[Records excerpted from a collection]

-*-*-

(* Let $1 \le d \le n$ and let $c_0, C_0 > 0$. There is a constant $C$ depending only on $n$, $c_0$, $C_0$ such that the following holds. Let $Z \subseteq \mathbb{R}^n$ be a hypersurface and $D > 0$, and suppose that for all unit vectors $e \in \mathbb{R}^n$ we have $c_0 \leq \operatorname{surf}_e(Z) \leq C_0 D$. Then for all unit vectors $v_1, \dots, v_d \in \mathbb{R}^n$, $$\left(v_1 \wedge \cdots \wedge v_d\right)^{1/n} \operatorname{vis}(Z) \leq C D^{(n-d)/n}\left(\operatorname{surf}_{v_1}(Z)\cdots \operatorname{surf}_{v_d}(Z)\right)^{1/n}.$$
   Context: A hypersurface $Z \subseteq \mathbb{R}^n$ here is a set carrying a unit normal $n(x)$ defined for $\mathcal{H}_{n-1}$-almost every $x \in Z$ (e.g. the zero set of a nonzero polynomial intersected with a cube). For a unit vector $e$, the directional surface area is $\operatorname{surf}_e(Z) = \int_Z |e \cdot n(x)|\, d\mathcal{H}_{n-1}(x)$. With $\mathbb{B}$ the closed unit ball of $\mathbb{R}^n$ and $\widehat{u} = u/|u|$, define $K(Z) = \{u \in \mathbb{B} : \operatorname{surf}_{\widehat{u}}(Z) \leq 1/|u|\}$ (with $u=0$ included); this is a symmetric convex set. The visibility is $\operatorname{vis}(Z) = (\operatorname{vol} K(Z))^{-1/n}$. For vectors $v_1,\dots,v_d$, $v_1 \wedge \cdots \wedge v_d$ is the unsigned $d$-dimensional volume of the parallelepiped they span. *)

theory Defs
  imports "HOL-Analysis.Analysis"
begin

-*-*-

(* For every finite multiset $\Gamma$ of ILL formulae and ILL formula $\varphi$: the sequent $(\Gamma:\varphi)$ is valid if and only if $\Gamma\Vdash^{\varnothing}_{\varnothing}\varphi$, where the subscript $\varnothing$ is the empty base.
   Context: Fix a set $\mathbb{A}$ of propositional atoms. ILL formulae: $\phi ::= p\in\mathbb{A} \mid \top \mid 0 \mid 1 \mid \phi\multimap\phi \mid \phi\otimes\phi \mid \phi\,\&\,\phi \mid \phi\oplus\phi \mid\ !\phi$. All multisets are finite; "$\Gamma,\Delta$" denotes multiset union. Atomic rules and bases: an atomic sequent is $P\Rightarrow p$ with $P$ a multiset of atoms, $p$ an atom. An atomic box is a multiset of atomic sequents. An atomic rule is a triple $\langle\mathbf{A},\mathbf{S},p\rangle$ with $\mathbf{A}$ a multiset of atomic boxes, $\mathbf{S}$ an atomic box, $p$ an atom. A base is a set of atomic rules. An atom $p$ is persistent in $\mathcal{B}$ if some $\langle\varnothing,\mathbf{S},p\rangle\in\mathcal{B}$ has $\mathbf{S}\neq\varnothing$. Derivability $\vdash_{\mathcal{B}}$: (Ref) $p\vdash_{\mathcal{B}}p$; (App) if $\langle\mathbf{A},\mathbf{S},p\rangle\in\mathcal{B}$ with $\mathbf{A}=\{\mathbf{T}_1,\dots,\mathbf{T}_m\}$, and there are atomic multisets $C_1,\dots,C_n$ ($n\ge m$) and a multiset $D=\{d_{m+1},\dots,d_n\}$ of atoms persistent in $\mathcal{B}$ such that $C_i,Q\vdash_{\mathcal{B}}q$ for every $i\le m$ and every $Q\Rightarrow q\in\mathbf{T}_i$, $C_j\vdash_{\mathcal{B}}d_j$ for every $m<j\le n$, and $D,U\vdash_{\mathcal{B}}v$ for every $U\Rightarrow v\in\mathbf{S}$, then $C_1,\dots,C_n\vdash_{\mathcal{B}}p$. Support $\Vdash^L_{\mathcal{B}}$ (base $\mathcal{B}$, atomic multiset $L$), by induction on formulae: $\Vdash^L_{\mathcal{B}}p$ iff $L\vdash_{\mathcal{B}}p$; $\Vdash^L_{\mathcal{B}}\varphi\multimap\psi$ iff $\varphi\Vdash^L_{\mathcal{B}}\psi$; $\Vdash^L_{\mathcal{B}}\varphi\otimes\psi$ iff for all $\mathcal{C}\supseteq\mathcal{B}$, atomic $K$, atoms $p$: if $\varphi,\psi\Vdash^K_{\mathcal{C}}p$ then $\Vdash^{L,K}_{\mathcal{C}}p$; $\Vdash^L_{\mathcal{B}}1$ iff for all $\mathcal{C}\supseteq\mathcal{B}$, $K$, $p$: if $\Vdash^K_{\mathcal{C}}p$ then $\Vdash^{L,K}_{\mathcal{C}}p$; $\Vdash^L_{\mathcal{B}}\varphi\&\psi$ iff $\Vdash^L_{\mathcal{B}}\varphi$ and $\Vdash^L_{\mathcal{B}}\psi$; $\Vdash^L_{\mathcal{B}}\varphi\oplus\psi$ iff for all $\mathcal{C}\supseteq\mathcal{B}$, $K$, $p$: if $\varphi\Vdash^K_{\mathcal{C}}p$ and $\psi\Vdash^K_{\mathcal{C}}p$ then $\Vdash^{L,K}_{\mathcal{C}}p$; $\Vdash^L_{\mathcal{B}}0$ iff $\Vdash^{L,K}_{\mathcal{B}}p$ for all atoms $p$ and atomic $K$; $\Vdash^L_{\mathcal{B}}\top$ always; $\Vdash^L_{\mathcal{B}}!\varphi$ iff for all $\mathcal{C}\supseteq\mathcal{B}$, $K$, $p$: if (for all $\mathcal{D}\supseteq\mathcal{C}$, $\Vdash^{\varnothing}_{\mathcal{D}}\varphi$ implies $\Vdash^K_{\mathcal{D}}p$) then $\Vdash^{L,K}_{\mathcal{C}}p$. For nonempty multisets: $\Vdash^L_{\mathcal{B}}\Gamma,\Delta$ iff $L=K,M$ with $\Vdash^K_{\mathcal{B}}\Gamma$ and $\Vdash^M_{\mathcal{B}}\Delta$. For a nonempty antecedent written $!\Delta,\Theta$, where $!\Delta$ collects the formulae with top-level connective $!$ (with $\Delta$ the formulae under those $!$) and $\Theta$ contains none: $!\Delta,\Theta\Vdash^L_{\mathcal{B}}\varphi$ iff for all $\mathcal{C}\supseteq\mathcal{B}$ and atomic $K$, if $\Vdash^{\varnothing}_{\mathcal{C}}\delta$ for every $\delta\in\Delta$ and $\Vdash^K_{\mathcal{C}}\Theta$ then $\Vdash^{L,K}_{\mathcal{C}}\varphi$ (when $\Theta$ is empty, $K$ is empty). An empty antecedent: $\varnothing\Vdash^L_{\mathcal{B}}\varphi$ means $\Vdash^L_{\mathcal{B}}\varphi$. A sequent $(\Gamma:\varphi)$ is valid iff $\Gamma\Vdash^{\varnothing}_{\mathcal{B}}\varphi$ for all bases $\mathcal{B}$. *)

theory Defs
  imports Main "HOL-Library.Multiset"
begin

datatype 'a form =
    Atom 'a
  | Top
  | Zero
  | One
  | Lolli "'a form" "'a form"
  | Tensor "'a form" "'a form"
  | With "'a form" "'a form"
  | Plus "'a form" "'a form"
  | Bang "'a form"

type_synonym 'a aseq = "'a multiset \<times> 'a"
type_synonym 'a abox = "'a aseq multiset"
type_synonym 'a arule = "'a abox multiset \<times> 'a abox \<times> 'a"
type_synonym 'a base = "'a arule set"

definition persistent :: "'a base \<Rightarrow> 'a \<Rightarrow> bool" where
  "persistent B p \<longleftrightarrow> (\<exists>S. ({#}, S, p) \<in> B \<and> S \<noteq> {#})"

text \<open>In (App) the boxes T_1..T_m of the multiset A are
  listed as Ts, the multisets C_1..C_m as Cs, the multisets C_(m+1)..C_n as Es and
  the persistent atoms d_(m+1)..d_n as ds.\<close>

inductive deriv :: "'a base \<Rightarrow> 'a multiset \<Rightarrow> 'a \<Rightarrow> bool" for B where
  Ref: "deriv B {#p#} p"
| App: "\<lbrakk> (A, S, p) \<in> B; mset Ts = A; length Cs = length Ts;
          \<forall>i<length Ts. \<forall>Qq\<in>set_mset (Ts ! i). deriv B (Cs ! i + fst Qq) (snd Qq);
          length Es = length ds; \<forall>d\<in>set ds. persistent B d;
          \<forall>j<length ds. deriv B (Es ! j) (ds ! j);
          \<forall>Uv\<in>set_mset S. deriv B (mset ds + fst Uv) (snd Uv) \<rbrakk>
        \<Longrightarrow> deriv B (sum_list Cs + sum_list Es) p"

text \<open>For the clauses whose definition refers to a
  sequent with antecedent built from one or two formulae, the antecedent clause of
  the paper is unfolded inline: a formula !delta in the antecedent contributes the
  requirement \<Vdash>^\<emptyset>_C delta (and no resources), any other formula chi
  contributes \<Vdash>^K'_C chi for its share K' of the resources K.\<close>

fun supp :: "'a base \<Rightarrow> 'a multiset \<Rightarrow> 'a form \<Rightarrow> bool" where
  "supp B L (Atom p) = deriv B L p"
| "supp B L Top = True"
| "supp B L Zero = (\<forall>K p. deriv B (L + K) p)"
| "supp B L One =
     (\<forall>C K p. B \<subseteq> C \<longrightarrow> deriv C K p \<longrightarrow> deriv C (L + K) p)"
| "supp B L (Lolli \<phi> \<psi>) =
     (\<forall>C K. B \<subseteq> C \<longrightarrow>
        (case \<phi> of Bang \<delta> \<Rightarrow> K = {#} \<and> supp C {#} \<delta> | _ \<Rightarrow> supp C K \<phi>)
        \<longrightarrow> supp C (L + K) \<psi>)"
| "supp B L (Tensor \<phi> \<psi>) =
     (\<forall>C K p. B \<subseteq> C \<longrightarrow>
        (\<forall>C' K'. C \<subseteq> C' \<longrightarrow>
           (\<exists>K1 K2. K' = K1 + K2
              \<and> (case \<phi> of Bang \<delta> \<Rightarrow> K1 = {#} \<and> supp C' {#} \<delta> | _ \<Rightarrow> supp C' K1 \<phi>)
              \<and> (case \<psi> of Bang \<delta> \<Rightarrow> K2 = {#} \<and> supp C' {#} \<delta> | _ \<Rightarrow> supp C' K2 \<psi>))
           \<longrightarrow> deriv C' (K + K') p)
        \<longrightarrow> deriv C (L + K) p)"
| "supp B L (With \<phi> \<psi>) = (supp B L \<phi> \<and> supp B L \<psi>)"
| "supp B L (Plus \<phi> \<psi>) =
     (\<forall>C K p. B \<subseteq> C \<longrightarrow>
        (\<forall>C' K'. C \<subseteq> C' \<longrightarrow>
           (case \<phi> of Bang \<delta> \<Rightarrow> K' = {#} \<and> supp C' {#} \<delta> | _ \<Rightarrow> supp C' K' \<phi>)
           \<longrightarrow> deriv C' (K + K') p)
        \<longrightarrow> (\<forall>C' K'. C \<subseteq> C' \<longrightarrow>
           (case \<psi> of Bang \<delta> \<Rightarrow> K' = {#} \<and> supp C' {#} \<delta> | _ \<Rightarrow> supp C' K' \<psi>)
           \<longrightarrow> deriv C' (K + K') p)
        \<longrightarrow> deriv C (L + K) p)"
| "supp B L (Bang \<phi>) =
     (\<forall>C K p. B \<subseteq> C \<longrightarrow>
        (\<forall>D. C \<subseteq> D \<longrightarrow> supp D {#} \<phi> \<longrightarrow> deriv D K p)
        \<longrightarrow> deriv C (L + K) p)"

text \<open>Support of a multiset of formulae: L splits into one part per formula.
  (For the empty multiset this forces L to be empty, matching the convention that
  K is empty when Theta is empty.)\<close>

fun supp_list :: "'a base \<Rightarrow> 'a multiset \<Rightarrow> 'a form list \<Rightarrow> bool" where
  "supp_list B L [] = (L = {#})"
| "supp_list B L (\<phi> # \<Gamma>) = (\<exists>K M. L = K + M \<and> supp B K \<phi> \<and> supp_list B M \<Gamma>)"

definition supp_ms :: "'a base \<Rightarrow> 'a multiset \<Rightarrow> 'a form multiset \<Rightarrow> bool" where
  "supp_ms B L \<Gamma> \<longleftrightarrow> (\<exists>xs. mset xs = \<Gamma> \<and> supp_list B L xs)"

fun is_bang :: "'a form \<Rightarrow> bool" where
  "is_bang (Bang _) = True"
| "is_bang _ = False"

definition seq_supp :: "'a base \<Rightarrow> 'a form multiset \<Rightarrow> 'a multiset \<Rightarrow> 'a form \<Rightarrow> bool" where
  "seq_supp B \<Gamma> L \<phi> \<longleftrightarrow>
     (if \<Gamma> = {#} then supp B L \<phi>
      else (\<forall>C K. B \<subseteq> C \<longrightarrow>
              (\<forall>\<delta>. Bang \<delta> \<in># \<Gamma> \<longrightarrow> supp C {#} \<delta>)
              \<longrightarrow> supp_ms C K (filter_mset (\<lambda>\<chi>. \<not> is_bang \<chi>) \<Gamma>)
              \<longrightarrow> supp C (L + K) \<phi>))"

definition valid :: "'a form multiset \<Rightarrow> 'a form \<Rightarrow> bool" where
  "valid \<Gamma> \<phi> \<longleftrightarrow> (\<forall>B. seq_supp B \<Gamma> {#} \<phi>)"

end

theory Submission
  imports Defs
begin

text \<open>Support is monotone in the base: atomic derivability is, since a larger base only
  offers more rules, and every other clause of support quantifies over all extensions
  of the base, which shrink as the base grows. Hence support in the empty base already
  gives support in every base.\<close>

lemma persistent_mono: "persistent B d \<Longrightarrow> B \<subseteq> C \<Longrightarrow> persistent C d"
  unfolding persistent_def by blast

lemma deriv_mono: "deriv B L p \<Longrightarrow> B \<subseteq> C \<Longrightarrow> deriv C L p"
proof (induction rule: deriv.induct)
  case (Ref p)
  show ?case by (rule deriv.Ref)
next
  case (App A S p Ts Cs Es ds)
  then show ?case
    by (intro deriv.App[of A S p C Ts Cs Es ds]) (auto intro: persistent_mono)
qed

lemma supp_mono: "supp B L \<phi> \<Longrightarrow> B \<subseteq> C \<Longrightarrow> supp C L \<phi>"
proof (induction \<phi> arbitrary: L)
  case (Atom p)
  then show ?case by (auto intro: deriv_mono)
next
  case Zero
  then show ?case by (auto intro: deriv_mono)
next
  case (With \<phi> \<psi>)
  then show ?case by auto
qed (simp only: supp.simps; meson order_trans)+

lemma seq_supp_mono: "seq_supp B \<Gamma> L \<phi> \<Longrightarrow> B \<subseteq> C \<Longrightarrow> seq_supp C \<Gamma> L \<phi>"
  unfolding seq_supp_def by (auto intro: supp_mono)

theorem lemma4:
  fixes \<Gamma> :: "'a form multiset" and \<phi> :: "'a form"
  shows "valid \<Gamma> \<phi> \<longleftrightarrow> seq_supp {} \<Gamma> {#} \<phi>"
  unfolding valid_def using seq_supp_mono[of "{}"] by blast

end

-*-*-

**Task requirements:**
From the data, pick out every line that includes "unfolding".

**Answer for this exercise:**
  unfolding persistent_def by blast
  unfolding seq_supp_def by (auto intro: supp_mono)
  unfolding valid_def using seq_supp_mono[of "{}"] by blast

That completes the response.